Colorectal cancer is estimated to account for approximately 147,000 new cancer cases and approximately 50,000 cancer deaths in the U.S. this year.1 Newer chemotherapy treatment regimens have lead to significant improvements in the number of people who can be cured after surgical resection of early stages of the disease. Likewise, newer chemotherapy regimens and biologic agents have improved the survival and quality of life of people who have advanced stage disease. The public awareness of screening opportunities, such as colonoscopy, has lead to more pre-cancerous colorectal lesions being found and removed. Colonoscopy remains one of the best available colorectal cancer primary prevention modalities.
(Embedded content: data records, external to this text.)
(* Let $\mathcal G$ be a shortest-path game in which $\mathrm{Val}^{\mathrm d}(v)\neq+\infty$ and $\overline{\mathrm{Val}}^{\mathrm m}(v)\neq+\infty$ for all vertices $v$, and let $\rho$ be a memoryless strategy of Min such that $\mathbb P^{\rho,\tau}_v(\Diamond T)=1$ for every vertex $v$ and every memoryless strategy $\tau$ of Max. Let $\widetilde{\mathcal G}$ and $\sigma_1$ be as defined below. Then $\sigma_1$ is an NC-strategy: every cycle of $\widetilde{\mathcal G}$ conforming to $\sigma_1$ has negative total weight.
   Context: A shortest-path game is $\mathcal G=(V_{\mathrm{Max}},V_{\mathrm{Min}},T,E,w)$ with finite $V=V_{\mathrm{Max}}\uplus V_{\mathrm{Min}}\uplus T$, edges $E\subseteq (V\setminus T)\times V$ with every non-target vertex having a successor, and integer weights $w\colon E\to\mathbb Z$. Plays from $v$ are finite paths ending at their first visit to $T$ (total payoff $\mathrm{TP}$ = sum of weights) or infinite paths avoiding $T$ ($\mathrm{TP}=+\infty$). Strategies of Min (resp. Max) map finite paths ending in $V_{\mathrm{Min}}$ (resp. $V_{\mathrm{Max}}$) to distributions on successors of the last vertex; deterministic = always Dirac, memoryless = depends only on the last vertex. $\mathrm{Val}^{\mathrm d}(v)=\inf_\sigma\sup_\tau\mathrm{TP}(\text{unique play from } v \text{ conforming to }\sigma,\tau)$ over deterministic strategies. For memoryless $\rho,\tau$, $\mathbb P^{\rho,\tau}_v,\mathbb E^{\rho,\tau}_v$ refer to the induced Markov chain; $\mathrm{Val}^{\mathrm m,\rho}(v)=\sup_\tau\mathbb E^{\rho,\tau}_v(\mathrm{TP})$ over memoryless $\tau$, $\overline{\mathrm{Val}}^{\mathrm m}(v)=\inf_\rho\mathrm{Val}^{\mathrm m,\rho}(v)$. For $v\in V_{\mathrm{Min}}$ let $\widetilde E(v)=\arg\min_{v'\in\mathrm{supp}(\rho(v))}\big[w(v,v')+\mathrm{Val}^{\mathrm m,\rho}(v')\big]$, and let $\widetilde{\mathcal G}$ be obtained from $\mathcal G$ by removing every edge $(v,v')$ with $v\in V_{\mathrm{Min}}$, $v'\notin\widetilde E(v)$. Let $d(v)$ be the attractor distance to $T$ in the graph where Min vertices $v$ only use edges to $\mathrm{supp}(\rho(v))$: $d(v)=0$ for $v\in T$, and $d$ is the least function with $d(v)=1+\min_{v'\in\mathrm{supp}(\rho(v))}d(v')$ for $v\in V_{\mathrm{Min}}$ and $d(v)=1+\max_{v'\in E(v)}d(v')$ for $v\in V_{\mathrm{Max}}$. Let $\sigma_1$ be the memoryless deterministic Min strategy with $\sigma_1(v)\in\arg\min_{v'\in\widetilde E(v)}d(v')$. A cycle conforms to $\sigma_1$ if every Min vertex $u$ on it is followed by $\sigma_1(u)$. *)

theory Defs
  imports "HOL-Probability.Probability"
begin

text \<open>Weights w are given as an integer function on pairs (only relevant on E).\<close>

definition spg :: "'v set \<Rightarrow> 'v set \<Rightarrow> 'v set \<Rightarrow> ('v \<times> 'v) set \<Rightarrow> bool" where
  "spg VMax VMin T E \<longleftrightarrow> finite (VMax \<union> VMin \<union> T) \<and>
     VMax \<inter> VMin = {} \<and> VMax \<inter> T = {} \<and> VMin \<inter> T = {} \<and>
     E \<subseteq> (VMax \<union> VMin) \<times> (VMax \<union> VMin \<union> T) \<and>
     (\<forall>v \<in> VMax \<union> VMin. \<exists>v'. (v, v') \<in> E)"

fun tp_fin :: "'v set \<Rightarrow> ('v \<Rightarrow> 'v \<Rightarrow> int) \<Rightarrow> 'v list \<Rightarrow> int" where
  "tp_fin T w (u # u' # us) = (if u \<in> T then 0 else w u u' + tp_fin T w (u' # us))"
| "tp_fin T w _ = 0"

definition det_strat :: "('v \<times> 'v) set \<Rightarrow> 'v set \<Rightarrow> ('v list \<Rightarrow> 'v) \<Rightarrow> bool" where
  "det_strat E P s \<longleftrightarrow> (\<forall>h. h \<noteq> [] \<and> last h \<in> P \<longrightarrow> (last h, s h) \<in> E)"

primrec det_prefix :: "'v set \<Rightarrow> 'v set \<Rightarrow> ('v list \<Rightarrow> 'v) \<Rightarrow> ('v list \<Rightarrow> 'v) \<Rightarrow> 'v \<Rightarrow> nat \<Rightarrow> 'v list" where
  "det_prefix VMin T \<sigma> \<tau> v 0 = [v]"
| "det_prefix VMin T \<sigma> \<tau> v (Suc n) =
     (let h = det_prefix VMin T \<sigma> \<tau> v n in
      if last h \<in> T then h else h @ [if last h \<in> VMin then \<sigma> h else \<tau> h])"

definition det_TP :: "'v set \<Rightarrow> 'v set \<Rightarrow> ('v \<Rightarrow> 'v \<Rightarrow> int) \<Rightarrow> ('v list \<Rightarrow> 'v) \<Rightarrow> ('v list \<Rightarrow> 'v) \<Rightarrow> 'v \<Rightarrow> ereal" where
  "det_TP VMin T w \<sigma> \<tau> v =
     (if \<exists>n. last (det_prefix VMin T \<sigma> \<tau> v n) \<in> T
      then ereal (real_of_int (tp_fin T w (det_prefix VMin T \<sigma> \<tau> v
                 (LEAST n. last (det_prefix VMin T \<sigma> \<tau> v n) \<in> T))))
      else \<infinity>)"

definition val_d :: "'v set \<Rightarrow> 'v set \<Rightarrow> 'v set \<Rightarrow> ('v \<times> 'v) set \<Rightarrow> ('v \<Rightarrow> 'v \<Rightarrow> int) \<Rightarrow> 'v \<Rightarrow> ereal" where
  "val_d VMax VMin T E w v =
     (INF \<sigma> \<in> {\<sigma>. det_strat E VMin \<sigma>}. SUP \<tau> \<in> {\<tau>. det_strat E VMax \<tau>}. det_TP VMin T w \<sigma> \<tau> v)"

definition ml_strat :: "('v \<times> 'v) set \<Rightarrow> 'v set \<Rightarrow> ('v \<Rightarrow> 'v pmf) \<Rightarrow> bool" where
  "ml_strat E P s \<longleftrightarrow> (\<forall>v \<in> P. set_pmf (s v) \<subseteq> E `` {v})"

definition mc_step :: "'v set \<Rightarrow> 'v set \<Rightarrow> ('v \<Rightarrow> 'v pmf) \<Rightarrow> ('v \<Rightarrow> 'v pmf) \<Rightarrow> 'v \<Rightarrow> 'v pmf" where
  "mc_step VMax VMin \<rho> \<tau> v =
     (if v \<in> VMin then \<rho> v else if v \<in> VMax then \<tau> v else return_pmf v)"

primrec mc_paths :: "'v set \<Rightarrow> 'v set \<Rightarrow> ('v \<Rightarrow> 'v pmf) \<Rightarrow> ('v \<Rightarrow> 'v pmf) \<Rightarrow> 'v \<Rightarrow> nat \<Rightarrow> 'v list pmf" where
  "mc_paths VMax VMin \<rho> \<tau> v 0 = return_pmf [v]"
| "mc_paths VMax VMin \<rho> \<tau> v (Suc n) =
     bind_pmf (mc_paths VMax VMin \<rho> \<tau> v n)
       (\<lambda>h. map_pmf (\<lambda>u. h @ [u]) (mc_step VMax VMin \<rho> \<tau> (last h)))"

text \<open>P(eventually T) = limit (supremum) of the probabilities of reaching T within n steps.\<close>

definition reach_prob :: "'v set \<Rightarrow> 'v set \<Rightarrow> 'v set \<Rightarrow> ('v \<Rightarrow> 'v pmf) \<Rightarrow> ('v \<Rightarrow> 'v pmf) \<Rightarrow> 'v \<Rightarrow> real" where
  "reach_prob VMax VMin T \<rho> \<tau> v =
     (SUP n. measure_pmf.prob (mc_paths VMax VMin \<rho> \<tau> v n) {h. \<exists>u \<in> set h. u \<in> T})"

text \<open>Expected total payoff: +\<infinity> if T is missed with positive probability (then TP = +\<infinity>
  on a set of positive measure), otherwise the limit of the expected payoffs of the
  n-step truncations (dominated convergence).\<close>

definition ETP :: "'v set \<Rightarrow> 'v set \<Rightarrow> 'v set \<Rightarrow> ('v \<Rightarrow> 'v \<Rightarrow> int) \<Rightarrow> ('v \<Rightarrow> 'v pmf) \<Rightarrow> ('v \<Rightarrow> 'v pmf) \<Rightarrow> 'v \<Rightarrow> ereal" where
  "ETP VMax VMin T w \<rho> \<tau> v =
     (if reach_prob VMax VMin T \<rho> \<tau> v = 1
      then ereal (lim (\<lambda>n. measure_pmf.expectation (mc_paths VMax VMin \<rho> \<tau> v n)
                              (\<lambda>h. real_of_int (tp_fin T w h))))
      else \<infinity>)"

definition val_m_rho :: "'v set \<Rightarrow> 'v set \<Rightarrow> 'v set \<Rightarrow> ('v \<times> 'v) set \<Rightarrow> ('v \<Rightarrow> 'v \<Rightarrow> int) \<Rightarrow> ('v \<Rightarrow> 'v pmf) \<Rightarrow> 'v \<Rightarrow> ereal" where
  "val_m_rho VMax VMin T E w \<rho> v = (SUP \<tau> \<in> {\<tau>. ml_strat E VMax \<tau>}. ETP VMax VMin T w \<rho> \<tau> v)"

definition val_m_bar :: "'v set \<Rightarrow> 'v set \<Rightarrow> 'v set \<Rightarrow> ('v \<times> 'v) set \<Rightarrow> ('v \<Rightarrow> 'v \<Rightarrow> int) \<Rightarrow> 'v \<Rightarrow> ereal" where
  "val_m_bar VMax VMin T E w v = (INF \<rho> \<in> {\<rho>. ml_strat E VMin \<rho>}. val_m_rho VMax VMin T E w \<rho> v)"

definition Etil :: "'v set \<Rightarrow> 'v set \<Rightarrow> 'v set \<Rightarrow> ('v \<times> 'v) set \<Rightarrow> ('v \<Rightarrow> 'v \<Rightarrow> int) \<Rightarrow> ('v \<Rightarrow> 'v pmf) \<Rightarrow> 'v \<Rightarrow> 'v set" where
  "Etil VMax VMin T E w \<rho> v =
     {v' \<in> set_pmf (\<rho> v). \<forall>v'' \<in> set_pmf (\<rho> v).
        ereal (real_of_int (w v v')) + val_m_rho VMax VMin T E w \<rho> v'
          \<le> ereal (real_of_int (w v v'')) + val_m_rho VMax VMin T E w \<rho> v''}"

definition Gtil_edges :: "'v set \<Rightarrow> 'v set \<Rightarrow> 'v set \<Rightarrow> ('v \<times> 'v) set \<Rightarrow> ('v \<Rightarrow> 'v \<Rightarrow> int) \<Rightarrow> ('v \<Rightarrow> 'v pmf) \<Rightarrow> ('v \<times> 'v) set" where
  "Gtil_edges VMax VMin T E w \<rho> =
     {(v, v') \<in> E. v \<in> VMin \<longrightarrow> v' \<in> Etil VMax VMin T E w \<rho> v}"

definition attr_dist :: "'v set \<Rightarrow> 'v set \<Rightarrow> 'v set \<Rightarrow> ('v \<times> 'v) set \<Rightarrow> ('v \<Rightarrow> 'v pmf) \<Rightarrow> 'v \<Rightarrow> enat" where
  "attr_dist VMax VMin T E \<rho> =
     lfp (\<lambda>f v. if v \<in> T then 0
               else if v \<in> VMin then 1 + Min (f ` set_pmf (\<rho> v))
               else if v \<in> VMax then 1 + Max (f ` (E `` {v}))
               else 0)"

definition conf_cycle :: "('v \<times> 'v) set \<Rightarrow> 'v set \<Rightarrow> ('v \<Rightarrow> 'v) \<Rightarrow> 'v list \<Rightarrow> bool" where
  "conf_cycle Ed VMin \<sigma> c \<longleftrightarrow> c \<noteq> [] \<and>
     (\<forall>i < length c. (c ! i, c ! (Suc i mod length c)) \<in> Ed \<and>
        (c ! i \<in> VMin \<longrightarrow> c ! (Suc i mod length c) = \<sigma> (c ! i)))"

definition cycle_weight :: "('v \<Rightarrow> 'v \<Rightarrow> int) \<Rightarrow> 'v list \<Rightarrow> int" where
  "cycle_weight w c = (\<Sum>i < length c. w (c ! i) (c ! (Suc i mod length c)))"

end

theory Submission
  imports Defs
begin

text \<open>Let \<open>val\<close> be the value of \<open>\<rho>\<close> against memoryless strategies of Max. Since \<open>\<rho>\<close>
  reaches \<open>T\<close> almost surely against all of them, the attractor distance \<open>d\<close> is finite, and a
  ranking function built from \<open>d\<close> shows that every expected payoff is the finite limit of
  Bellman iterates. Hence \<open>val\<close> is finite, and local deviations of Max (which can be
  combined into uniformly \<open>\<epsilon>\<close>-optimal memoryless strategies) give
  \<open>w v u + val u \<le> val v\<close> on every edge of Max and
  \<open>\<Sum>u. \<rho> v u * (w v u + val u) \<le> val v\<close> at every vertex of Min. So
  \<open>w v u \<le> val v - val u\<close> on every edge of \<open>G\<close>-tilde, a cycle of nonnegative weight is tight on
  all its edges, and tightness at a Min vertex \<open>v\<close> forces every successor in the support of
  \<open>\<rho> v\<close> into \<open>E\<close>-tilde. Then \<open>\<sigma>1 v\<close> has minimal \<open>d\<close> in that support, so \<open>d\<close> strictly
  decreases along every edge of the cycle, which is absurd.\<close>

lemma Min_image_mono:
  fixes f g :: "'a \<Rightarrow> 'b::linorder"
  assumes "finite S" "S \<noteq> {}" "\<And>x. x \<in> S \<Longrightarrow> f x \<le> g x"
  shows "Min (f ` S) \<le> Min (g ` S)"
proof -
  have "Min (g ` S) \<in> g ` S"
    using assms(1,2) by (intro Min_in) auto
  then obtain y where y: "y \<in> S" "Min (g ` S) = g y"
    by auto
  have "Min (f ` S) \<le> f y"
    using assms(1) y(1) by simp
  then show ?thesis
    using assms(3)[OF y(1)] y(2) by simp
qed

lemma Max_image_mono:
  fixes f g :: "'a \<Rightarrow> 'b::linorder"
  assumes "finite S" "S \<noteq> {}" "\<And>x. x \<in> S \<Longrightarrow> f x \<le> g x"
  shows "Max (f ` S) \<le> Max (g ` S)"
proof -
  have "Max (f ` S) \<in> f ` S"
    using assms(1,2) by (intro Max_in) auto
  then obtain y where y: "y \<in> S" "Max (f ` S) = f y"
    by auto
  have "g y \<le> Max (g ` S)"
    using assms(1) y(1) by simp
  then show ?thesis
    using assms(3)[OF y(1)] y(2) by simp
qed

lemma sum_lessThan_Suc_mod:
  assumes "0 < k"
  shows "(\<Sum>i<k. f (Suc i mod k)) = (\<Sum>i<k. f i)"
proof -
  obtain m where k: "k = Suc m" using assms not0_implies_Suc by blast
  have "(\<Sum>i<m. f (Suc i mod Suc m)) = (\<Sum>i<m. f (Suc i))"
    by (intro sum.cong) auto
  then have "(\<Sum>i<k. f (Suc i mod k)) = (\<Sum>i<m. f (Suc i)) + f 0"
    unfolding k by simp
  also have "\<dots> = (\<Sum>i<k. f i)"
    unfolding k sum.lessThan_Suc_shift by (simp add: add.commute)
  finally show ?thesis .
qed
Since the best form of treatment is prevention, other preventative modalities have been and are being researched.
Chan and colleagues have reported on the results of two prospective cohort studies of 1,279 people diagnosed with stages I-III (non-metastatic) colorectal cancer. 2 The use and effect of aspirin was assessed. Study participants were enrolled in either the Nurses’ Health Study or the Health Professionals Follow-up Study. Questionnaires about aspirin use since 1980 and 1986, respectively for the two studies, were compiled. Cancer diagnoses were between 1980 and 2002 in the Nurses’ Health Study and between 1986 and 2002 in the Health Professionals Follow-up Study. Patients had follow-up through 2008.
This study was able to assess 76% of colorectal cancer specimens for COX-2 expression – approximately 68% were found to overexpress COX-2. COX-2 overexpression has been reported to occur in 80-85% of colorectal cancers.3-5
COX-2 has been noted to promote cell proliferation and inflammation.6 There have been mixed reports in the literature about the prognostic importance of COX-2 overexpression.3,5,7-10 Because of its overexpression in a majority of colorectal cancers, it is a likely target of prevention and treatment strategies.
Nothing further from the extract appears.